Detailed worked solutions to high-school science problems.

Physics

Maths

Running Jupyter notebooks on your own computer

It's not necessary to use the JupyterLab notebooks linked above only through Binder; you can also run them on your own computer. If you use Windows, you'll need to use Windows Subsystem for Linux (WSL) for the following instructions to work. On MacOS or Linux, just open a terminal and enter the commands there.

First things first: clone the repository. You'll need to use a command like this:

git clone https://github.com/paultcochrane/after-school-help.git

That will create a directory named after-school-help; change into that directory (via the cd command) and then install the Python requirements with the pip command.

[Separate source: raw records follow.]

lemma is_modo_add:
  assumes A: "is_modo N A" and B: "is_modo N B"
  shows "is_modo N (\<lambda>k x. A k x + B k x)"
proof (rule is_modoI)
  show "vanishes_above N (max (modo_bound N A) (modo_bound N B)) (\<lambda>k x. A k x + B k x)"
    using is_modo_vanishes_above[OF A] is_modo_vanishes_above[OF B] is_modo_carrier[OF A]
    by (auto simp: vanishes_above_def)
  fix k r s assume rs: "r < N" "s < N"
  hence "(\<lambda>x. (A k x + B k x) $$ (r, s)) = (\<lambda>x. A k x $$ (r, s) + B k x $$ (r, s))"
    using is_modo_carrier[OF B] by (intro ext) (metis carrier_matD index_add_mat(1))
  thus "smooth (\<lambda>x. (A k x + B k x) $$ (r, s))"
    using smooth_add[OF is_modo_smooth[OF A rs] is_modo_smooth[OF B rs]] by simp
qed (use is_modo_carrier[OF A] is_modo_carrier[OF B] in auto)

lemma is_modo_diff:
  assumes A: "is_modo N A" and B: "is_modo N B"
  shows "is_modo N (\<lambda>k x. A k x - B k x)"
proof (rule is_modoI)
  show "vanishes_above N (max (modo_bound N A) (modo_bound N B)) (\<lambda>k x. A k x - B k x)"
    using is_modo_vanishes_above[OF A] is_modo_vanishes_above[OF B] is_modo_carrier[OF A]
    by (auto simp: vanishes_above_def)
  fix k r s assume rs: "r < N" "s < N"
  hence "(\<lambda>x. (A k x - B k x) $$ (r, s)) = (\<lambda>x. A k x $$ (r, s) - B k x $$ (r, s))"
    using is_modo_carrier[OF B] by (intro ext) (metis carrier_matD index_minus_mat(1))
  thus "smooth (\<lambda>x. (A k x - B k x) $$ (r, s))"
    using smooth_diff[OF is_modo_smooth[OF A rs] is_modo_smooth[OF B rs]] by simp
qed (use is_modo_carrier[OF B] in \<open>auto intro: minus_carrier_mat\<close>)

lemma modo_apply_diff:
  assumes A: "is_modo N A" and B: "is_modo N B" and r: "r < N"
  shows "modo_apply N (\<lambda>k x. A k x - B k x) f r x = modo_apply N A f r x - modo_apply N B f r x"
proof -
  define D where "D = max (modo_bound N A) (modo_bound N B)"
  have vA: "vanishes_above N D A" and vB: "vanishes_above N D B"
    unfolding D_def
    by (rule vanishes_above_mono[OF is_modo_vanishes_above], fact, simp)+
  hence vAB: "vanishes_above N D (\<lambda>k x. A k x - B k x)"
    using is_modo_carrier[OF A] by (auto simp: vanishes_above_def)
  have "(A k x - B k x) $$ (r, s) = A k x $$ (r, s) - B k x $$ (r, s)" if "s < N" for k s
    using is_modo_carrier[OF A, of k x] is_modo_carrier[OF B, of k x] r that by simp
  thus ?thesis
    unfolding modo_apply_eq_upto[OF vA r] modo_apply_eq_upto[OF vB r] modo_apply_eq_upto[OF vAB r]
      modo_apply_upto_def
    by (simp add: sum_subtractf left_diff_distrib)
qed
lemma power_theta_nonneg: "p \<ge> 1 \<Longrightarrow> x > 0 \<Longrightarrow> 0 \<le> power_theta p x"
  unfolding power_theta_def by (intro suminf_nonneg power_theta_bounds(1)) auto

lemma tendsto_powr_mult_power_theta:
  assumes p: "p \<ge> 1"
  shows "((\<lambda>x. x powr (1 / real p) * power_theta p x) \<longlongrightarrow> Gamma (1 / real p) / real p) (at_right 0)"
proof (rule tendsto_sandwich)
  have pos: "\<forall>\<^sub>F x in at_right (0::real). x > 0"
    by (simp add: eventually_at_right_less)
  show "\<forall>\<^sub>F x in at_right 0. x powr (1 / real p) * power_theta p x \<le> Gamma (1 / real p) / real p"
    using pos by eventually_elim (rule power_theta_bounds(2)[OF p])
  show "\<forall>\<^sub>F x in at_right 0. Gamma (1 / real p) / real p - x powr (1 / real p)
      \<le> x powr (1 / real p) * power_theta p x"
    using pos by eventually_elim (use power_theta_bounds(3)[OF p] in force)
  have "((\<lambda>x::real. x powr (1 / real p)) \<longlongrightarrow> 0) (at_right 0)"
    using p by real_asymp
  then show "((\<lambda>x. Gamma (1 / real p) / real p - x powr (1 / real p)) \<longlongrightarrow> Gamma (1 / real p) / real p) (at_right 0)"
    by (auto intro: tendsto_eq_intros)
qed simp

(* polylog_exp m u is the polylogarithm Li_(1-m) (e^u). *)
definition polylog_exp :: "nat \<Rightarrow> real \<Rightarrow> real" where
  "polylog_exp m u = (\<Sum>k. real (Suc k) powr (real m - 1) * exp (real (Suc k) * u))"

lemma polylog_exp_nonneg: "u < 0 \<Longrightarrow> 0 \<le> polylog_exp m u"
  unfolding polylog_exp_def by (intro suminf_nonneg summable_powr_mult_exp) auto

lemma polylog_exp_le_exp_mult:
  assumes "v \<le> b" "b < 0"
  shows "polylog_exp m v \<le> exp (v - b) * polylog_exp m b"
proof -
  have "exp (real (Suc k) * v) \<le> exp (v - b) * exp (real (Suc k) * b)" for k
  proof -
    have "real (Suc k) * (v - b) \<le> 1 * (v - b)"
      using assms by (intro mult_right_mono_neg) auto
    then show ?thesis
      by (simp add: algebra_simps flip: exp_add)
  qed
  then have "polylog_exp m v \<le> (\<Sum>k. exp (v - b) * (real (Suc k) powr (real m - 1) * exp (real (Suc k) * b)))"
    unfolding polylog_exp_def using assms
    by (intro suminf_le summable_mult summable_powr_mult_exp) (auto simp: mult.left_commute)
  also have "\<dots> = exp (v - b) * polylog_exp m b"
    unfolding polylog_exp_def using assms by (intro suminf_mult summable_powr_mult_exp)
  finally show ?thesis .
qed

lemma has_real_derivative_polylog_exp:
  assumes "u < 0"
  shows "(polylog_exp m has_real_derivative polylog_exp (Suc m) u) (at u)"
proof -
  have powr_Suc: "real (Suc k) powr (real m - 1) * real (Suc k) = real (Suc k) powr (real (Suc m) - 1)" for k
  proof -
    have "real (Suc k) powr (real (Suc m) - 1) = real (Suc k) powr ((real m - 1) + 1)"
      by simp
    also have "\<dots> = real (Suc k) powr (real m - 1) * real (Suc k) powr 1"
      by (rule powr_add)
    finally show ?thesis
      by simp
  qed
  have deriv: "((\<lambda>x. real (Suc k) powr (real m - 1) * exp (real (Suc k) * x)) has_real_derivative
      real (Suc k) powr (real (Suc m) - 1) * exp (real (Suc k) * x)) (at x)" for k x
  proof (rule DERIV_cong)
    show "((\<lambda>x. real (Suc k) powr (real m - 1) * exp (real (Suc k) * x)) has_real_derivative
        real (Suc k) powr (real m - 1) * (exp (real (Suc k) * x) * real (Suc k))) (at x)"
      by (auto intro!: derivative_eq_intros)
    show "real (Suc k) powr (real m - 1) * (exp (real (Suc k) * x) * real (Suc k))
        = real (Suc k) powr (real (Suc m) - 1) * exp (real (Suc k) * x)"
      unfolding powr_Suc[symmetric] by (simp only: mult_ac)
  qed
  have bound: "\<bar>real (Suc k) powr (real (Suc m) - 1) * exp (real (Suc k) * x)\<bar>
      \<le> real (Suc k) powr (real (Suc m) - 1) * exp (real (Suc k) * (u / 2))" if "x \<le> u / 2" for k x
    using that by (auto intro!: mult_left_mono)
  show ?thesis
    unfolding polylog_exp_def using assms
    by (intro has_real_derivative_suminf_dominated[where b = "u / 2", OF deriv bound] summable_powr_mult_exp) auto
qed

lemma polylog_exp_0:
  assumes "u < 0"
  shows "polylog_exp 0 u = - ln (1 - exp u)"
proof -
  have "\<bar>- exp u\<bar> < 1"
    using assms by simp
  from ln_series'[OF this] have "(\<lambda>n. - (exp u ^ n) / of_nat n) sums ln (1 - exp u)"
    by simp
  then have "(\<lambda>n. - (exp u ^ Suc n) / of_nat (Suc n)) sums ln (1 - exp u)"
    by (subst sums_Suc_iff) simp
  then have "(\<lambda>n. exp u ^ Suc n / of_nat (Suc n)) sums (- ln (1 - exp u))"
    using sums_minus by fastforce
  moreover have "exp u ^ Suc n / of_nat (Suc n) = real (Suc n) powr (real 0 - 1) * exp (real (Suc n) * u)" for n
    by (simp add: powr_minus_divide exp_of_nat_mult del: of_nat_Suc)
  ultimately show ?thesis
    unfolding polylog_exp_def by (simp add: sums_iff)
qed

definition fulcrum_series :: "nat \<Rightarrow> nat \<Rightarrow> real \<Rightarrow> real" where
  "fulcrum_series p m t = (\<Sum>j. (real (Suc j) ^ p) ^ m * polylog_exp m (real (Suc j) ^ p * t))"

lemma fulcrum_series_term_bounds:
  assumes "p \<ge> 1" "x \<le> b" "b < 0"
  shows "0 \<le> (real (Suc j) ^ p) ^ m * polylog_exp m (real (Suc j) ^ p * x)"
    and "(real (Suc j) ^ p) ^ m * polylog_exp m (real (Suc j) ^ p * x)
           \<le> real (Suc j) powr real (p * m) * exp (real (Suc j) * b) * (exp (- b) * polylog_exp m b)"
proof -
  define J where "J = real (Suc j)"
  have "1 \<le> J"
    by (simp add: J_def)
  then have "J \<le> J ^ p"
    using power_increasing[of 1 p J] assms(1) by simp
  have "J ^ p * x \<le> J * x"
    using \<open>J \<le> J ^ p\<close> assms by (intro mult_right_mono_neg) auto
  also have "\<dots> \<le> J * b"
    using \<open>1 \<le> J\<close> assms by (intro mult_left_mono) auto
  finally have le_Jb: "J ^ p * x \<le> J * b" .
  have "J * b \<le> 1 * b"
    using \<open>1 \<le> J\<close> assms by (intro mult_right_mono_neg) auto
  with le_Jb have le_b: "J ^ p * x \<le> b"
    by simp
  show "0 \<le> (real (Suc j) ^ p) ^ m * polylog_exp m (real (Suc j) ^ p * x)"
    unfolding J_def[symmetric] using le_b assms \<open>1 \<le> J\<close>
    by (intro mult_nonneg_nonneg polylog_exp_nonneg) auto
  have "polylog_exp m (J ^ p * x) \<le> exp (J ^ p * x - b) * polylog_exp m b"
    using le_b assms by (intro polylog_exp_le_exp_mult)
  also have "\<dots> \<le> exp (J * b - b) * polylog_exp m b"
    using le_Jb assms by (intro mult_right_mono polylog_exp_nonneg) auto
  finally have "(J ^ p) ^ m * polylog_exp m (J ^ p * x) \<le> (J ^ p) ^ m * (exp (J * b - b) * polylog_exp m b)"
    using \<open>1 \<le> J\<close> by (intro mult_left_mono) auto
  moreover have "(J ^ p) ^ m = J powr real (p * m)"
    using \<open>1 \<le> J\<close> by (simp add: powr_realpow flip: power_mult of_nat_mult)
  ultimately show "(real (Suc j) ^ p) ^ m * polylog_exp m (real (Suc j) ^ p * x)
      \<le> real (Suc j) powr real (p * m) * exp (real (Suc j) * b) * (exp (- b) * polylog_exp m b)"
    unfolding J_def[symmetric] by (simp add: exp_diff exp_minus field_simps)
qed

cd after-school-help  # change into the directory we just created
python3 -m venv venv  # create the Python virtual environment
source venv/bin/activate  # activate the Python virtual environment
pip install -r requirements.txt  # install the required Python libraries

Now you'll be ready to start the JupyterLab notebook environment. Just run

jupyter lab

and the JupyterLab environment will start with a launcher window similar to that below:

JupyterLab initial screen

To open a pre-existing notebook, just double click on one of the folders (e.g. physics or maths) and double click on a notebook file (anything with the notebook icon icon or any file with the .ipynb extension). For instance, if you open the evaporating a pot of water worked example file, you'll see something like this:

JupyterLab opened example notebook

Now feel free to play around, change the numbers in the code and re-run the individual notebook cells to see the effects of your changes!